All treatments and interactions were non-significant at both 5% and 10% levels of probability. Under the control condition plant production was so low that in excess of a 30 fold increase in ground cover would be needed to achieve 70% where erosion control is effective. This 70% figure was established for black earth soils (4) and may be inadequate for the more erodible sands.

From the trial it appears soil ameliorants active in increasing soil moisture storage may have little effect on pasture establishment. When costs (Table I) are considered it is clear that their use is unlikely to be viable.

Table I: Cost comparison of different revegetation methods.
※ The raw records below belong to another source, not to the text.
(* Let $G$ be a ribbon graph. Then (1) $P_{\langle\tau\delta\tau\rangle}(G,x)=P_{\langle\delta\rangle}(G^{\times},x)$; (2) $P_{\langle\delta,\tau\rangle}(G,x)=2^{e(G)}P_{\langle\delta\tau\rangle}(G,x)$.
   Context: A ribbon graph $G=(V(G),E(G))$ is a (orientable or non-orientable) surface with boundary, represented as the union of a set $V(G)$ of vertex discs and a set $E(G)$ of edge discs (ribbons) such that vertices and edges intersect in disjoint line segments, each such segment lies on the boundary of exactly one vertex and exactly one edge, and every edge contains exactly two such segments. $v(G)$, $e(G)$ denote the numbers of vertices and edges. For $A\subseteq E(G)$, the partial dual $G^{\delta(A)}$ is obtained by gluing a disc along each boundary component of the spanning ribbon subgraph $(V(G),A)$ (these discs become the vertex discs), removing the interiors of the original vertex discs, and keeping the edge ribbons. The partial Petrial $G^{\tau(A)}$ adds a half-twist to each edge in $A$; $G^{\times}=G^{\tau(E(G))}$ (Petrie dual, with $E(G^\times)=E(G)$). For a word $w=w_1\cdots w_n$ over $\{\delta,\tau\}$, $G^{w(A)}=(\cdots(G^{w_n(A)})^{w_{n-1}(A)}\cdots)^{w_1(A)}$ (rightmost letter applied first), $G^{1(A)}=G$, and $G^{\xi(A)\pi(B)}=(G^{\xi(A)})^{\pi(B)}$. Vertex polynomials (sums over ordered partitions of $E(G)$ into pairwise disjoint, possibly empty parts): $P_{\langle\delta\rangle}(G,x)=\sum_{A\subseteq E(G)}x^{v(G^{\delta(A)})}$; $P_{\langle\tau\delta\tau\rangle}(G,x)=\sum_{A\subseteq E(G)}x^{v(G^{\tau\delta\tau(A)})}$; $P_{\langle\delta\tau\rangle}(G,x)=\sum_{(A_1,A_2,A_3)}x^{v(G^{1(A_1)\tau\delta(A_2)\delta\tau(A_3)})}$; $P_{\langle\delta,\tau\rangle}(G,x)=\sum_{(A_1,\dots,A_6)}x^{v(G^{1(A_1)\delta(A_2)\tau(A_3)\tau\delta(A_4)\delta\tau(A_5)\tau\delta\tau(A_6)})}$. *)

theory Defs
  imports "HOL-Library.FuncSet" "HOL-Computational_Algebra.Polynomial"
begin

text \<open>Combinatorial encoding of (possibly non-orientable) ribbon graphs by flags
(corners of edge ribbons).  Each edge e has the four corners (e, b1, b2).
  rv : follows the boundary arc of a vertex disc to the next corner;
  rs : pairs the two corners of one attaching segment (edge end);
  re : pairs the two corners on the same long side of the edge ribbon.
Vertices with at least one incident edge-end are the orbits of rv, rs;
vertex discs without incident edges are counted by riso.\<close>

type_synonym 'e flag = "'e \<times> bool \<times> bool"

record 'e rgraph =
  redges :: "'e set"
  riso :: nat
  rv :: "'e flag \<Rightarrow> 'e flag"
  rs :: "'e flag \<Rightarrow> 'e flag"
  re :: "'e flag \<Rightarrow> 'e flag"

definition flags :: "'e rgraph \<Rightarrow> 'e flag set" where
  "flags G = redges G \<times> (UNIV :: (bool \<times> bool) set)"

definition fpf_invol_on :: "'a set \<Rightarrow> ('a \<Rightarrow> 'a) \<Rightarrow> bool" where
  "fpf_invol_on X f \<longleftrightarrow> (\<forall>x\<in>X. f x \<in> X \<and> f (f x) = x \<and> f x \<noteq> x)"

definition ribbon_graph :: "'e rgraph \<Rightarrow> bool" where
  "ribbon_graph G \<longleftrightarrow> finite (redges G)
     \<and> fpf_invol_on (flags G) (rv G) \<and> fpf_invol_on (flags G) (rs G) \<and> fpf_invol_on (flags G) (re G)
     \<and> (\<forall>x\<in>flags G. fst (rs G x) = fst x \<and> fst (re G x) = fst x
            \<and> rs G (re G x) = re G (rs G x) \<and> rs G x \<noteq> re G x)"

definition vrel :: "'e rgraph \<Rightarrow> ('e flag \<times> 'e flag) set" where
  "vrel G = {(x, rv G x) | x. x \<in> flags G} \<union> {(x, rs G x) | x. x \<in> flags G}"

definition nv :: "'e rgraph \<Rightarrow> nat" where
  "nv G = riso G + card (flags G // (vrel G)\<^sup>*)"

definition ne :: "'e rgraph \<Rightarrow> nat" where
  "ne G = card (redges G)"

definition pdual :: "'e set \<Rightarrow> 'e rgraph \<Rightarrow> 'e rgraph" where
  "pdual A G = G\<lparr> rs := (\<lambda>x. if fst x \<in> A then re G x else rs G x),
                  re := (\<lambda>x. if fst x \<in> A then rs G x else re G x) \<rparr>"

definition ppetrial :: "'e set \<Rightarrow> 'e rgraph \<Rightarrow> 'e rgraph" where
  "ppetrial A G = G\<lparr> re := (\<lambda>x. if fst x \<in> A then rs G (re G x) else re G x) \<rparr>"

definition petrie :: "'e rgraph \<Rightarrow> 'e rgraph" where
  "petrie G = ppetrial (redges G) G"

text \<open>Words (rightmost letter applied first).\<close>
definition op_td :: "'e set \<Rightarrow> 'e rgraph \<Rightarrow> 'e rgraph" where
  "op_td A G = ppetrial A (pdual A G)"
definition op_dt :: "'e set \<Rightarrow> 'e rgraph \<Rightarrow> 'e rgraph" where
  "op_dt A G = pdual A (ppetrial A G)"
definition op_tdt :: "'e set \<Rightarrow> 'e rgraph \<Rightarrow> 'e rgraph" where
  "op_tdt A G = ppetrial A (pdual A (ppetrial A G))"

text \<open>Ordered partitions of E into k parts encoded by f in PiE E {0..<k}; part i = A_(i+1).\<close>
definition part :: "'e set \<Rightarrow> ('e \<Rightarrow> nat) \<Rightarrow> nat \<Rightarrow> 'e set" where
  "part E f i = {e \<in> E. f e = i}"

definition P_delta :: "'e rgraph \<Rightarrow> int poly" where
  "P_delta G = (\<Sum>A\<in>Pow (redges G). monom 1 (nv (pdual A G)))"

definition P_tdt :: "'e rgraph \<Rightarrow> int poly" where
  "P_tdt G = (\<Sum>A\<in>Pow (redges G). monom 1 (nv (op_tdt A G)))"

definition P_dt :: "'e rgraph \<Rightarrow> int poly" where
  "P_dt G = (\<Sum>f\<in>redges G \<rightarrow>\<^sub>E {0..<3::nat}.
      (let E = redges G in monom 1 (nv (op_dt (part E f 2) (op_td (part E f 1) G)))))"

definition P_dtau :: "'e rgraph \<Rightarrow> int poly" where
  "P_dtau G = (\<Sum>f\<in>redges G \<rightarrow>\<^sub>E {0..<6::nat}.
      (let E = redges G in monom 1 (nv
        (op_tdt (part E f 5) (op_dt (part E f 4) (op_td (part E f 3)
          (ppetrial (part E f 2) (pdual (part E f 1) G))))))))"

end

theory Submission
  imports Defs
begin

text \<open>The number of vertices only sees the involution rs (together with rv).  On the corners of
  one edge, rs and re generate a Klein four-group, and every partial dual or partial Petrial
  replaces the pair (rs, re) on an edge by another ordered pair of distinct non-identity
  elements of that group.  Hence a word applied to a set of edges only matters through the
  element it installs as the new rs.  For (1), \<open>\<tau>\<delta>\<tau>(A)\<close> on G and \<open>\<delta>(A)\<close> on
  \<open>G\<^sup>\<times>\<close> both install rs\<circ>re on A.  For (2), the six words 1, \<open>\<delta>\<close>, \<open>\<tau>\<close>,
  \<open>\<tau>\<delta>\<close>, \<open>\<delta>\<tau>\<close>, \<open>\<tau>\<delta>\<tau>\<close> install rs, re, rs, re, rs\<circ>re, rs\<circ>re, while the three
  words 1, \<open>\<tau>\<delta>\<close>, \<open>\<delta>\<tau>\<close> install rs, re, rs\<circ>re: every summand of the second
  polynomial is counted exactly 2^e(G) times in the first.\<close>

lemma nv_cong:
  assumes "redges H = redges G" "riso H = riso G" "rv H = rv G"
    and "\<And>x. x \<in> flags G \<Longrightarrow> rs H x = rs G x"
  shows "nv H = nv G"
proof -
  have flags_eq: "flags H = flags G"
    using assms(1) by (simp add: flags_def)
  have "vrel H = vrel G"
    unfolding vrel_def flags_eq using assms by force
  then show ?thesis
    unfolding nv_def flags_eq using assms(2) by simp
qed

lemma redges_petrie [simp]: "redges (petrie G) = redges G"
  by (simp add: petrie_def ppetrial_def)

lemma nv_op_tdt: "nv (op_tdt A G) = nv (pdual A (petrie G))"
  by (rule nv_cong) (auto simp: op_tdt_def pdual_def ppetrial_def petrie_def flags_def)

datatype klein = KS | KE | KSE

fun klein_act :: "'e rgraph \<Rightarrow> klein \<Rightarrow> 'e flag \<Rightarrow> 'e flag" where
  "klein_act G KS x = rs G x"
| "klein_act G KE x = re G x"
| "klein_act G KSE x = rs G (re G x)"

text \<open>The last equation is a junk value: equal arguments multiply to the identity.\<close>
fun klein_third :: "klein \<Rightarrow> klein \<Rightarrow> klein" where
  "klein_third KS KE = KSE"
| "klein_third KE KS = KSE"
| "klein_third KS KSE = KE"
| "klein_third KSE KS = KE"
| "klein_third KE KSE = KS"
| "klein_third KSE KE = KS"
| "klein_third c _ = c"

lemma klein_third_neq: "c \<noteq> d \<Longrightarrow> c \<noteq> klein_third c d"
  by (cases c; cases d) simp_all

lemma klein_act_klein_act:
  assumes G: "ribbon_graph G" and x: "x \<in> flags G" and "c \<noteq> d"
  shows "klein_act G c (klein_act G d x) = klein_act G (klein_third c d) x"
proof -
  have closed: "rs G y \<in> flags G" "re G y \<in> flags G" if "y \<in> flags G" for y
    using G that by (auto simp: ribbon_graph_def fpf_invol_on_def)
  have relations: "rs G (rs G y) = y" "re G (re G y) = y" "rs G (re G y) = re G (rs G y)"
    if "y \<in> flags G" for y
    using G that by (auto simp: ribbon_graph_def fpf_invol_on_def)
  show ?thesis
    using \<open>c \<noteq> d\<close> closed[OF x] by (cases c; cases d) (simp_all add: relations x)
qed

lemma klein_act_flags:
  assumes "ribbon_graph G" "x \<in> flags G"
  shows "fst (klein_act G c x) = fst x" "klein_act G c x \<in> flags G"
  using assms by (cases c; auto simp: ribbon_graph_def fpf_invol_on_def)+

definition recoded :: "'e rgraph \<Rightarrow> 'e rgraph \<Rightarrow> ('e \<Rightarrow> klein) \<Rightarrow> ('e \<Rightarrow> klein) \<Rightarrow> bool" where
  "recoded G H a b \<longleftrightarrow> redges H = redges G \<and> riso H = riso G \<and> rv H = rv G
     \<and> (\<forall>e\<in>redges G. a e \<noteq> b e)
     \<and> (\<forall>x\<in>flags G. rs H x = klein_act G (a (fst x)) x \<and> re H x = klein_act G (b (fst x)) x)"

definition recode_rs :: "'e rgraph \<Rightarrow> ('e \<Rightarrow> klein) \<Rightarrow> 'e rgraph" where
  "recode_rs G a = G\<lparr>rs := \<lambda>x. klein_act G (a (fst x)) x\<rparr>"

lemma recoded_self: "recoded G G (\<lambda>_. KS) (\<lambda>_. KE)"
  by (simp add: recoded_def)

lemma recoded_pdual:
  "recoded G H a b \<Longrightarrow>
     recoded G (pdual A H) (\<lambda>e. if e \<in> A then b e else a e) (\<lambda>e. if e \<in> A then a e else b e)"
  unfolding recoded_def pdual_def by force

lemma recoded_ppetrial:
  assumes G: "ribbon_graph G" and H: "recoded G H a b"
  shows "recoded G (ppetrial A H) a (\<lambda>e. if e \<in> A then klein_third (a e) (b e) else b e)"
proof -
  have "rs H (re H x) = klein_act G (klein_third (a (fst x)) (b (fst x))) x"
    if x: "x \<in> flags G" for x
  proof -
    have e: "fst x \<in> redges G"
      using x by (auto simp: flags_def)
    have "rs H (re H x) = klein_act G (a (fst x)) (klein_act G (b (fst x)) x)"
      using H x klein_act_flags[OF G x] by (simp add: recoded_def)
    then show ?thesis
      using H e by (simp add: klein_act_klein_act[OF G x] recoded_def)
  qed
  then show ?thesis
    using H klein_third_neq by (auto simp: recoded_def ppetrial_def)
qed

lemma nv_recoded:
  assumes "recoded G H a b" and "\<And>e. e \<in> redges G \<Longrightarrow> a e = c e"
  shows "nv H = nv (recode_rs G c)"
  by (rule nv_cong) (use assms in \<open>auto simp: recoded_def recode_rs_def flags_def\<close>)

text \<open>The three values 0, 1, 2 of a partition into three parts stand for the words
  1, \<open>\<tau>\<delta>\<close>, \<open>\<delta>\<tau>\<close>; \<open>collapse\<close> sends each of the six words 1, \<open>\<delta>\<close>, \<open>\<tau>\<close>, \<open>\<tau>\<delta>\<close>,
  \<open>\<delta>\<tau>\<close>, \<open>\<tau>\<delta>\<tau>\<close> to the one of them installing the same rs.\<close>
definition klein_of :: "nat \<Rightarrow> klein" where
  "klein_of n = (if n = 1 then KE else if n = 2 then KSE else KS)"

definition collapse :: "nat \<Rightarrow> nat" where
  "collapse n = (if n = 4 \<or> n = 5 then 2 else if n = 1 \<or> n = 3 then 1 else 0)"

lemma nv_dt_word:
  assumes "ribbon_graph G"
  shows "nv (op_dt (part (redges G) g 2) (op_td (part (redges G) g 1) G))
       = nv (recode_rs G (klein_of \<circ> g))"
  unfolding op_dt_def op_td_def
  by (rule nv_recoded, (rule recoded_ppetrial[OF assms] recoded_pdual recoded_self)+)
    (simp add: part_def klein_of_def)

lemma nv_dtau_word:
  assumes "ribbon_graph G"
  shows "nv (op_tdt (part (redges G) f 5) (op_dt (part (redges G) f 4) (op_td (part (redges G) f 3)
            (ppetrial (part (redges G) f 2) (pdual (part (redges G) f 1) G)))))
       = nv (recode_rs G (klein_of \<circ> (\<lambda>e\<in>redges G. collapse (f e))))"
  unfolding op_tdt_def op_dt_def op_td_def
  by (rule nv_recoded, (rule recoded_ppetrial[OF assms] recoded_pdual recoded_self)+)
    (auto simp: part_def klein_of_def collapse_def)

lemma card_collapse_fibre: "k < 3 \<Longrightarrow> card {n \<in> {0..<6}. collapse n = k} = 2"
proof -
  assume "k < 3"
  then have "{n \<in> {0..<6}. collapse n = k} = (if k = 0 then {0, 2} else if k = 1 then {1, 3} else {4, 5})"
    by (auto simp: collapse_def)
  then show ?thesis
    by simp
qed

lemma sum_PiE_uniform_fibres:
  fixes F :: "('a \<Rightarrow> 'b) \<Rightarrow> 'c::comm_semiring_1"
  assumes E: "finite E" and A: "finite A" and B: "finite B" and p: "p ` A \<subseteq> B"
    and fibre: "\<And>y. y \<in> B \<Longrightarrow> card {x \<in> A. p x = y} = k"
  shows "(\<Sum>f\<in>E \<rightarrow>\<^sub>E A. F (\<lambda>e\<in>E. p (f e))) = of_nat (k ^ card E) * (\<Sum>g\<in>E \<rightarrow>\<^sub>E B. F g)"
proof -
  let ?q = "\<lambda>f. \<lambda>e\<in>E. p (f e)"
  have fibre_PiE: "{f \<in> E \<rightarrow>\<^sub>E A. ?q f = g} = (\<Pi>\<^sub>E e\<in>E. {x \<in> A. p x = g e})"
    if g: "g \<in> E \<rightarrow>\<^sub>E B" for g
  proof (intro set_eqI iffI)
    fix f assume "f \<in> {f \<in> E \<rightarrow>\<^sub>E A. ?q f = g}"
    then show "f \<in> (\<Pi>\<^sub>E e\<in>E. {x \<in> A. p x = g e})"
      by (auto simp: PiE_def Pi_def dest: fun_cong)
  next
    fix f assume "f \<in> (\<Pi>\<^sub>E e\<in>E. {x \<in> A. p x = g e})"
    then show "f \<in> {f \<in> E \<rightarrow>\<^sub>E A. ?q f = g}"
      using g by (auto simp: PiE_def Pi_def extensional_def intro!: ext)
  qed
  have card_fibre: "card {f \<in> E \<rightarrow>\<^sub>E A. ?q f = g} = k ^ card E" if g: "g \<in> E \<rightarrow>\<^sub>E B" for g
  proof -
    have "card (\<Pi>\<^sub>E e\<in>E. {x \<in> A. p x = g e}) = (\<Prod>e\<in>E. card {x \<in> A. p x = g e})"
      using E by (rule card_PiE)
    also have "\<dots> = (\<Prod>e\<in>E. k)"
      using g fibre by (intro prod.cong) auto
    finally show ?thesis
      using E by (simp add: fibre_PiE[OF g])
  qed
  have "(\<Sum>f\<in>E \<rightarrow>\<^sub>E A. F (?q f)) = (\<Sum>g\<in>E \<rightarrow>\<^sub>E B. \<Sum>f\<in>{f \<in> E \<rightarrow>\<^sub>E A. ?q f = g}. F (?q f))"
    using p by (intro sum.group[symmetric]) (auto simp: E A B finite_PiE PiE_iff)
  also have "\<dots> = (\<Sum>g\<in>E \<rightarrow>\<^sub>E B. of_nat (k ^ card E) * F g)"
    by (intro sum.cong refl) (simp add: card_fibre)
  finally show ?thesis
    by (simp add: sum_distrib_left)
qed

theorem mainTheorem3:
  fixes G :: "'e rgraph"
  assumes "ribbon_graph G"
  shows "P_tdt G = P_delta (petrie G) \<and> P_dtau G = smult (2 ^ ne G) (P_dt G)"
proof
  show "P_tdt G = P_delta (petrie G)"
    by (simp add: P_tdt_def P_delta_def nv_op_tdt)
next
  let ?E = "redges G"
  define F where "F g = (monom 1 (nv (recode_rs G (klein_of \<circ> g))) :: int poly)" for g
  have "P_dtau G = (\<Sum>f\<in>?E \<rightarrow>\<^sub>E {0..<6}. F (\<lambda>e\<in>?E. collapse (f e)))"
    unfolding P_dtau_def Let_def nv_dtau_word[OF assms] F_def ..
  also have "\<dots> = of_nat (2 ^ ne G) * (\<Sum>g\<in>?E \<rightarrow>\<^sub>E {0..<3}. F g)"
    using assms card_collapse_fibre unfolding ne_def
    by (intro sum_PiE_uniform_fibres) (auto simp: ribbon_graph_def collapse_def)
  also have "(\<Sum>g\<in>?E \<rightarrow>\<^sub>E {0..<3}. F g) = P_dt G"
    unfolding P_dt_def Let_def nv_dt_word[OF assms] F_def ..
  finally show "P_dtau G = smult (2 ^ ne G) (P_dt G)"
    by (simp add: of_nat_poly)
qed

end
In practice, it may be better to use inexpensive conventional methods of seed and fertilizer broadcasting to gain an initial plant establishment. From a soil conservation point of view the hay at least gives a short lived initial cover, although hay use may exacerbate the water repellent nature of sand by stimulating microbial activity. If there is a critical area, (e.g. inlet areas adjacent to urban drainage systems), turfing is by far the more effective alternative as the pasture is actually transplanted to the site. In conclusion, although the theoretical basis of advances in technology is apparent, the practical application of advanced techniques may be limited.

1. Shroder, W.D. and Akhar, M. N.D. Department of Agronomy, Iowa State Uni, Iowa.

2. Quiltz, J.A., Hunt, J.S., Hicks, R.W. (1978). Soil Conservation Service of N.S.W.

3. Singleton Technical Handbook, S.C.S. of N.S.W., undated.

4. Land, R.D., McCaffery, L.A.H. (1983). Journal of Soil Conservation, N.S.W., Vol. 40, p. 56.